Location
- Country: Democratic Republic of the Congo
- Province: Haut-Uélé

Physical characteristics
- • coordinates: 4°20′23″N 29°13′34″E﻿ / ﻿4.3398°N 29.2260°E
- Mouth: Uele River
- • coordinates: 3°44′59″N 28°02′43″E﻿ / ﻿3.7497°N 28.04533°E

= Duru River =

River in Democratic Republic of the Congo

The Duru River is a river of the Haut-Uélé province of the Democratic Republic of the Congo. It is a right tributary of the Uele River.

==Course==

The river rises on the border with South Sudan (the Congo-Nile Divide) in the Réserve de chasse d'Azande and flows southwest to enter the Uele upstream from Niangara.
Duru village is beside the river on the boundary of the Réserve de chasse d'Azande at .
It is on the road leading from Dungu north to Yambio in South Sudan.

==Indigenous people==

The Avaduru, a Bakango group, may take their name from the Duru River.
The Amiengba and Abogoru lived along the Duru or its tributaries.
S. H. F. Capenny wrote that the Abangba were found in the Duru basin.
The Duga-Botungba were living at Ukwa on the Duru in 1953.

==Colonial presence==

Georg August Schweinfurth (1836–1925) camped on 18 April 1870 on the right shore of the Uele, which he called the "Kibali", at a place named "Kassanga".
Léon Lotar (1877–1943) identifies this with the rapids around the mouth of the Duru.

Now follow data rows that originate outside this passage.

(* Let $m_1\ge 1$ and let $(\alpha_i)_{i\in\mathbb{Z}}$ be positive reals with $\alpha_{i+m_1}=\alpha_i$ for all $i$. Let $N$ be a positive multiple of $m_1$ and index positions in a row by $i\in\mathbb{Z}/N\mathbb{Z}$. Let $\beta,\beta'>0$ and suppose that either (small $r$ case) $\alpha_i\beta<1$ and $\alpha_i\beta'<1$ for all $i$, or (large $r$ case) $\alpha_i\beta>1$ and $\alpha_i\beta'>1$ for all $i$; put $\epsilon=+1$ in the small $r$ case and $\epsilon=-1$ in the large $r$ case. For $b\in\{\beta,\beta'\}$ define the $2^N\times 2^N$ matrix $T_b$, indexed by $x,z\in\{0,1\}^{\mathbb{Z}/N\mathbb{Z}}$, by $$T_b(x,z)=\sum_{e}\prod_{i\in\mathbb{Z}/N\mathbb{Z}}\mathrm{wt}_i(x,z,e),$$ where the sum is over all $e\in\{0,1\}^{\mathbb{Z}/N\mathbb{Z}}$ satisfying $x_i+e_i=z_i+e_{i-1}\le 1$ for every $i$, and where $\mathrm{wt}_i=\epsilon(1-\alpha_i^2b^2)$ if $x_i=e_i=z_i=e_{i-1}=0$; $\mathrm{wt}_i=\alpha_i b$ if $x_i=e_{i-1}=1$ or if $e_i=z_i=1$; and $\mathrm{wt}_i=1$ otherwise (i.e. if $x_i=z_i=1$ or $e_i=e_{i-1}=1$). Then $T_\beta T_{\beta'}=T_{\beta'}T_\beta$.
   Context: This is the (vertical) transfer matrix of one row of the five-vertex model on a cylinder of circumference $N$: $x_i$ (resp. $z_i$) indicates whether the vertical edge below (resp. above) vertex $i$ is occupied, and $e_i$ indicates whether the horizontal edge between vertex $i$ and vertex $i+1$ is occupied. Paths move north or west and are vertex-disjoint. The five allowed local configurations at a vertex are: empty, vertical straight-through, horizontal straight-through, and two corners (entering from the south and leaving to the west, or entering from the east and leaving to the north). The vertex parameter at position $i$ in a row with parameter $b$ is $r=\alpha_i b$; empty vertices have weight $|1-r^2|$, corners have weight $r$, and straight-through vertices have weight $1$. *)

theory Defs
  imports Complex_Main
begin
text \<open>
  A ball of radius \<open>\<epsilon> < 1/5\<close> meets at most one of the cylinders, say \<open>C\<^sub>k\<close>, and there
  \<open>V\<^sub>n \<le> f(s)\<close> with \<open>s = k/(25n)\<close>, since \<open>f\<close> is decreasing. Cutting the ball into dyadic
  shells, the integral of \<open>1/|z - x|\<close> over the part of the ball in the square tube
  \<open>|z\<^sub>2|, |z\<^sub>3| \<le> \<surd>s\<close> is at most \<open>16 \<Sum>\<^sub>j min (\<epsilon>\<^sup>2 4\<^sup>-\<^sup>j) s\<close>.
  If \<open>\<epsilon>\<^sup>2 \<le> s\<close> this sum is \<open>O(\<epsilon>\<^sup>2)\<close> and \<open>f(s) \<le> f(\<epsilon>\<^sup>2)\<close>; if \<open>s < \<epsilon>\<^sup>2\<close>, the
  interpolation \<open>min A s \<le> A\<^sup>b s\<^sup>1\<^sup>-\<^sup>b\<close> with \<open>b = 1/|ln s|\<close> makes it \<open>O(s |ln s|)\<close>, so the
  product is \<open>O(1 / ln |ln s|) \<le> O(1 / ln |ln \<epsilon>\<^sup>2|)\<close>. Both bounds tend to 0 with \<open>\<epsilon>\<close>,
  uniformly in \<open>x\<close> and \<open>n\<close>.
\<close>

section \<open>The profile \<open>f\<close>\<close>

lemma minus_ln_ge_27_10:
  fixes r :: real
  assumes "0 < r" "r \<le> 1/20"
  shows "27/10 \<le> - ln r"
proof -
  have "9/10 \<le> exp (-1/10::real)"
    using exp_ge_add_one_self[of "-1/10::real"] by simp
  hence "exp (1/10::real) \<le> 10/9"
    by (simp add: exp_minus field_simps)
  hence "exp (1/10::real) ^ 27 \<le> (10/9) ^ 27"
    by (rule power_mono) simp
  also have "exp (1/10::real) ^ 27 = exp (27/10)"
    by (subst exp_of_nat_mult[symmetric]) simp
  finally have "27/10 \<le> ln (20::real)"
    by (subst ln_ge_iff) (auto simp: power_divide)
  also have "ln 20 \<le> ln (1/r)"
    using assms by (subst ln_le_cancel_iff) (auto simp: field_simps)
  finally show ?thesis
    using assms by (simp add: ln_div)
qed

lemma one_le_minus_one_mult_ln:
  fixes L :: real
  assumes "27/10 \<le> L"
  shows "1 \<le> (L - 1) * ln L"
proof -
  have "ln (1/L) \<le> 1/L - 1"
    using assms by (intro ln_le_minus_one) auto
  hence "1 - 1/L \<le> ln L"
    using assms by (simp add: ln_div)
  hence "(L - 1) * (1 - 1/L) \<le> (L - 1) * ln L"
    using assms by (intro mult_left_mono) auto
  moreover have "(L - 1)\<^sup>2 - L = (L - 27/10) * (L - 3/10) + 19/100"
    by (simp add: power2_eq_square field_simps)
  hence "L \<le> (L - 1)\<^sup>2"
    using assms mult_nonneg_nonneg[of "L - 27/10" "L - 3/10"] by linarith
  hence "1 \<le> (L - 1) * (1 - 1/L)"
    using assms by (simp add: field_simps power2_eq_square)
  ultimately show ?thesis
    by linarith
qed

lemma fr_eq:
  "0 < r \<Longrightarrow> r < 1 \<Longrightarrow> fr r = 1 / (r * (- ln r) * ln (- ln r))"
  unfolding fr_def by (simp add: abs_if)

lemma x_ln_ln_pos:
  fixes r :: real
  assumes "0 < r" "r \<le> 1/20"
  shows "0 < r * (- ln r) * ln (- ln r)"
  using assms minus_ln_ge_27_10[OF assms] by (intro mult_pos_pos ln_gt_zero) auto

lemma x_ln_ln_mono:
  fixes r t :: real
  assumes "0 < r" "r \<le> t" "t \<le> 1/20"
  shows "r * (- ln r) * ln (- ln r) \<le> t * (- ln t) * ln (- ln t)"
proof (rule DERIV_nonneg_imp_nondecreasing[OF assms(2)])
  fix x
  assume "r \<le> x" "x \<le> t"
  hence x: "0 < x" "x \<le> 1/20"
    using assms by auto
  have L: "27/10 \<le> - ln x"
    using minus_ln_ge_27_10[OF x] .
  have "DERIV (\<lambda>x. x * (- ln x) * ln (- ln x)) x :> (- ln x - 1) * ln (- ln x) - 1"
    using x L by (auto intro!: derivative_eq_intros simp: field_simps)
  moreover have "0 \<le> (- ln x - 1) * ln (- ln x) - 1"
    using one_le_minus_one_mult_ln[OF L] by simp
  ultimately show "\<exists>y. DERIV (\<lambda>x. x * (- ln x) * ln (- ln x)) x :> y \<and> 0 \<le> y"
    by blast
qed

lemma fr_pos: "0 < r \<Longrightarrow> r \<le> 1/20 \<Longrightarrow> 0 < fr r"
  using x_ln_ln_pos[of r] by (simp add: fr_eq)

lemma fr_antitone:
  assumes "0 < r" "r \<le> t" "t \<le> 1/20"
  shows "fr t \<le> fr r"
proof -
  have "1 / (t * (- ln t) * ln (- ln t)) \<le> 1 / (r * (- ln r) * ln (- ln r))"
    using x_ln_ln_mono[OF assms] mult_pos_pos[OF x_ln_ln_pos[of t] x_ln_ln_pos[of r]] assms
    by (intro divide_left_mono) auto
  thus ?thesis
    using assms by (simp add: fr_eq)
qed

section \<open>Sums of truncated geometric sequences\<close>

lemma min_le_powr_mult_powr:
  fixes A s b :: real
  assumes "0 < A" "0 < s" "0 \<le> b" "b \<le> 1"
  shows "min A s \<le> A powr b * s powr (1 - b)"
proof (cases "A \<le> s")
  case True
  have "A = A powr b * A powr (1 - b)"
    using assms by (simp add: powr_add[symmetric])
  also have "\<dots> \<le> A powr b * s powr (1 - b)"
    using True assms by (intro mult_left_mono powr_mono2) auto
  finally show ?thesis
    using True by simp
next
  case False
  have "s = s powr b * s powr (1 - b)"
    using assms by (simp add: powr_add[symmetric])
  also have "\<dots> \<le> A powr b * s powr (1 - b)"
    using False assms by (intro mult_right_mono powr_mono2) auto
  finally show ?thesis
    using False by simp
qed

lemma
  fixes E s q b :: real
  assumes "0 < E" "0 < s" "0 < q" "q < 1" "0 < b" "b \<le> 1"
  shows summable_min_geometric: "summable (\<lambda>j. min (E * q^j) s)"
    and suminf_min_geometric_le:
      "(\<Sum>j. min (E * q^j) s) \<le> E powr b * s powr (1 - b) / (1 - q powr b)"
proof -
  have qb: "0 < q powr b" "q powr b < 1"
    using assms powr_less_mono2[of b q 1] by auto
  have term_le: "min (E * q^j) s \<le> E powr b * s powr (1 - b) * (q powr b)^j" for j
    using min_le_powr_mult_powr[of "E * q^j" s b] assms
    by (simp add: powr_mult powr_realpow[symmetric] powr_powr mult_ac)
  have geometric: "summable (\<lambda>j. E powr b * s powr (1 - b) * (q powr b)^j)"
    using qb by (intro summable_mult summable_geometric) auto
  show summable: "summable (\<lambda>j. min (E * q^j) s)"
    by (rule summable_comparison_test[OF _ geometric])
      (use term_le assms in \<open>auto intro!: exI[of _ 0]\<close>)
  have "(\<Sum>j. min (E * q^j) s) \<le> (\<Sum>j. E powr b * s powr (1 - b) * (q powr b)^j)"
    by (rule suminf_le[OF term_le summable geometric])
  also have "\<dots> = E powr b * s powr (1 - b) / (1 - q powr b)"
    using qb by (subst suminf_mult) (auto simp: suminf_geometric)
  finally show "(\<Sum>j. min (E * q^j) s) \<le> E powr b * s powr (1 - b) / (1 - q powr b)" .
qed
(* Let $k,d\geq1$ and $L\geq4(k+1)d$, and let $\mathcal{T}^{d+1}$ be the teacher class defined in the context, with $H_\bullet=\{(2,0),(1,1)\}$. For every (possibly randomized) DFF algorithm $\mathcal{A}$, \[M^L_k(\mathcal{A},\mathcal{T}^{d+1},H_\bullet)\geq(k+1)d-1.\]
   Context: Setting. A teacher over $\mathcal{X},\mathcal{Y},\Phi$ ($\bot$ a null symbol) is a pair $T=(\ell,\psi)$ with $\ell:\mathcal{X}\to\mathcal{Y}$ and $\psi:\mathcal{X}\times\mathcal{X}\to\Phi\cup\{\bot\}$ such that whenever $\ell(x)\neq\ell(\hat x)$, $\phi:=\psi(x,\hat x)\in\Phi$, $\phi(x)=1$ and $\phi(\hat x)=0$. A teacher class is a set of teachers. A history is a non-empty $H\subseteq\mathcal{X}\times\mathcal{Y}$; a teacher $(\ell,\psi)$ is consistent with $H$ if $\ell(x)=y$ for all $(x,y)\in H$; $\mathcal{T}_H$ is the set of teachers in $\mathcal{T}$ consistent with $H$. DFF protocol. A DFF algorithm is given $H$ in advance. In each round $t$: an example $x_t$ arrives; the algorithm outputs $(\hat x_t,\hat y_t)\in H\cup\{(x_s,y_s):s<t\}$ (predicted label $\hat y_t$, explanation $\hat x_t$); if $\hat y_t=y_t$ (the provided label of $x_t$) it learns only that it was correct; otherwise (a mistake) it receives $y_t$ and a feature $\phi_t$. Non-realizable mistake bound with adaptive adversary. An interaction over $L$ rounds produces $S=((x_t,y_t,\hat x_t,\hat y_t,\phi_t))_{t\in[L]}$, with $\phi_t=\bot$ when $\hat y_t=y_t$. An adversary, in each round $t$, chooses $(x_t,y_t,\psi_t)$ with $\psi_t:\mathcal{X}\times\mathcal{X}\to\Phi\cup\{\bot\}$ as a function of the past interaction $S_{t-1}$; then the algorithm chooses $(\hat x_t,\hat y_t)$ (possibly randomly) as a function of $S_{t-1}$ and $x_t$; then, if $\hat y_t\neq y_t$, $\phi_t=\psi_t(x_t,\hat x_t)$ is revealed together with $y_t$. $S$ is $k$-consistent with a teacher $(f,\psi)$ if there is $E\subseteq[L]$, $|E|\leq k$, such that for all $t\in[L]\setminus E$, $f(x_t)=y_t$ and, if $\hat y_t\neq y_t$, $\psi(x_t,\hat x_t)=\phi_t$. $M^L_k(\mathcal{A},\mathcal{T},H)$ is the supremum, over all adversaries whose interaction with $\mathcal{A}$ produces with probability $1$ a sequence that is $k$-consistent with some teacher in $\mathcal{T}_H$, of the expected number of mistakes of $\mathcal{A}$ over $L$ rounds. Construction. $\mathcal{X}=\mathbb{N}=\{1,2,\dots\}$, $\mathcal{Y}=\{0,1\}$, $\Phi=\{0,1\}^{\mathcal{X}}$. For $i\geq0$ let $\mathcal{X}_i=\{2^i,2^i+1,\dots,2^{i+1}-1\}$. For $i\geq1$, $\mathcal{F}^d_i$ is the set of all $f:\mathcal{X}\to\{0,1\}$ with $f(1)=1$ and $f(x)=0$ for all $x\notin\mathcal{X}_i\cup\{1\}$ (arbitrary on $\mathcal{X}_i$). Let $p_i$ be a prime with $p_i\geq2^{|\mathcal{X}_i|}$ and fix an injective map $b_i:\mathcal{F}^d_i\to\mathbb{F}_{p_i}$. For $\bar c=(c_0,\dots,c_{d-1})\in\mathbb{F}_{p_i}^d$ let $P'[\bar c](z)=(c_0+\sum_{j=1}^{d-1}c_jz^j)\bmod p_i$ and $P[\bar c]:\mathcal{X}_i\to\mathbb{N}$, $P[\bar c](x)=2^{i+1}+P'[\bar c](x-2^i+1)$ (viewing $P'$ values in $\{0,\dots,p_i-1\}$). For $x_1,\dots,x_l\in\mathcal{X}$ let $\mathbb{I}[x_1,\dots,x_l]$ be the feature equal to $1$ exactly on $\{x_1,\dots,x_l\}$. For $f\in\mathcal{F}^d_i$ and $\bar a:\mathcal{X}_i\times\{0,1\}\to\mathbb{F}^d_{p_i}$ define $\psi^f_{\bar a}(x,\hat x)=\mathbb{I}[x,\,P[\bar a(\hat x,f(x))](x)]$ if $x,\hat x\in\mathcal{X}_i$, and $\psi^f_{\bar a}(x,\hat x)=\mathbb{I}[x]$ otherwise. Let $\Psi_f=\{\psi^f_{\bar a}:\bar a:\mathcal{X}_i\times\{0,1\}\to\mathbb{F}^d_{p_i}$ such that for all $\hat x\in\mathcal{X}_i$ with $f(\hat x)=1$, the constant coefficient of $\bar a(\hat x,0)$ equals $b_i(f)\}$. Then $\mathcal{T}^d_i=\{(f,\psi):f\in\mathcal{F}^d_i,\psi\in\Psi_f\}$ and $\mathcal{T}^{d+1}=\bigcup_{i\geq1}\mathcal{T}^d_i$. *)

theory Defs
  imports "HOL-Probability.Probability"
begin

==Lord's Resistance Army==

A joint patrol of soldiers of the Armed Forces of the Democratic Republic of the Congo (FARDC) of the United Nations Mission in the Democratic Republic of Congo (MONUC) was sent to Duru on 6 February 2010.
Civilians armed with machetes blocked the road from Bitima to Duru with tree trunks and threw stones at the patrol, but the situation was quickly defused.
On 10 February 2010 FARDC soldiers attacked a Lord's Resistance Army (LRA) camp near the mouth of the Duru River and released six children.
As part of the "Welcome to Peace" joint operation of FARDC and MONUSCO, on 12 April 2012 the operational post of the MONUSCO Force in Duru village carried out intensive patrols in the riparian areas of the Duru River to arrange the voluntary surrender of elements of the Lord's Resistance Army who had said they would surrender.